Published in final edited form as: Traffic Inj Prev. 2016 Feb 18;17(7):681–685. doi: 10.1080/15389588.2016.1142079

A data-driven allocation tool for in-kind resources distributed by a state health department

Cora Peterson a, Scott R Kegler a, Wende R Parker b, David Sullivan a
PMCID: PMC5024329  NIHMSID: NIHMS815829  PMID: 26890693

Abstract

Objective

The objective of this study was to leverage a state health department’s operational data to allocate in-kind resources (children’s car seats) to counties, with the proposition that need-based allocation could ultimately improve public health outcomes.

Methods

This study used a retrospective analysis of administrative data on car seats distributed to counties statewide by the Georgia Department of Public Health and development of a need-based allocation tool (presented as interactive supplemental digital content, adaptable to other types of in-kind public health resources) that relies on current county-level injury and sociodemographic data.

Results

Car seat allocation using public health data and a need-based formula resulted in substantially different recommended allocations to individual counties compared to historic distribution.

Conclusions

Results indicate that making an in-kind public health resource like car seats universally available results in a less equitable distribution of that resource compared to deliberate allocation according to public health need. Public health agencies can use local data to allocate in-kind resources consistent with health objectives; that is, in a manner offering the greatest potential health impact. Future analysis can determine whether the change to a more equitable allocation of resources is also more efficient, resulting in measurably improved public health outcomes.

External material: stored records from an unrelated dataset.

lemma Qalg_mtr_tendsto:
  assumes "x \<in> bseq"
  shows "((\<lambda>n. mtr n (x n)) \<longlongrightarrow> t_tr (Qalg U) (ucls U x)) U"
proof -
  obtain B where "\<And>n. opnorm n (x n) \<le> B"
    using bseq_bound[OF assms] by blast
  then have bnd: "norm (mtr n (x n)) \<le> B" for n
    using norm_mtr_le_opnorm order_trans by blast
  obtain l where l: "((\<lambda>n. mtr n (x n)) \<longlongrightarrow> l) U"
    using ultra_tendsto_bounded[OF U, of "\<lambda>n. mtr n (x n)" B] bnd by blast
  let ?r = "rep (ucls U x)"
  have "((\<lambda>n. mtr n (?r n) - mtr n (x n)) \<longlongrightarrow> 0) U"
    by (rule Lim_null_comparison[OF always_eventually rep_ucls(2)[OF assms]])
      (simp add: norm_mtr_diff_le_hsnorm)
  then have "((\<lambda>n. mtr n (?r n)) \<longlongrightarrow> l) U"
    using tendsto_add[OF l] by fastforce
  then have "t_tr (Qalg U) (ucls U x) = l"
    by (simp add: Qalg_def ultra_Lim[OF U])
  then show ?thesis
    using l by simp
qed

lemma opnorm_ultra_tendsto:
  assumes "x \<in> bseq"
  obtains l where "0 \<le> l" "((\<lambda>n. opnorm n (x n)) \<longlongrightarrow> l) U"
proof -
  obtain B where "\<And>n. opnorm n (x n) \<le> B"
    using bseq_bound[OF assms] by blast
  then obtain l where l: "((\<lambda>n. opnorm n (x n)) \<longlongrightarrow> l) U"
    using ultra_tendsto_bounded[OF U, of "\<lambda>n. opnorm n (x n)" B] by (auto simp: opnorm_nonneg)
  moreover have "0 \<le> l"
    using ultra_tendsto_le[OF U tendsto_const l] by (simp add: opnorm_nonneg)
  ultimately show thesis
    using that by blast
qed

lemma Lim_opnorm_nonneg: "x \<in> bseq \<Longrightarrow> 0 \<le> Lim U (\<lambda>n. opnorm n (x n))"
  by (metis opnorm_ultra_tendsto ultra_Lim[OF U])

lemma bdd_below_Lim_opnorm: "bdd_below ((\<lambda>y. Lim U (\<lambda>n. opnorm n (y n))) ` ucls U x)"
  by (intro bdd_belowI2[of _ 0]) (simp add: ucls_iff Lim_opnorm_nonneg)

Keywords: accidents, traffic, financing, government/supply and distribution, economics/statistics and numerical data

Introduction

The Georgia Department of Public Health (GADPH) receives annual funding from the Georgia Governor’s Office of Highway Safety and NHTSA to provide car seats as in-kind resources to Georgia counties, where agencies distribute the seats to eligible families with children aged 0–9 years through educational classes or one-on-one appointments. The public health goal of the program is to reduce children’s motor vehicle traffic crash (MVC) injuries and fatalities. In 2013 more than 500 children 9 years of age and under died as occupants in MVCs nationally, and nearly 90,000 sustained nonfatal injuries treated in hospital emergency departments (Centers for Disease Control and Prevention [CDC] 013; NHTSA 2015a). Georgia ranks slightly above the U.S. average for total MVC fatalities, all ages, based on miles traveled (1.18 versus 1.14 per 100 million vehicle miles; U.S. Census Bureau 2012a).

Car seats substantially reduce children’s risk of MVC fatal and nonfatal injuries (CDC 2015). However, many families do not use car seats appropriately and there is some evidence that proper use varies with sociodemographic factors (CDC 2015; Macy et al. 2014). Just 2 studies—summarized in a recent review—have investigated car seat use or injury reduction associated with free car seat programs; those studies identified some increased car seat use associated with such programs (Jacob et al. 2014).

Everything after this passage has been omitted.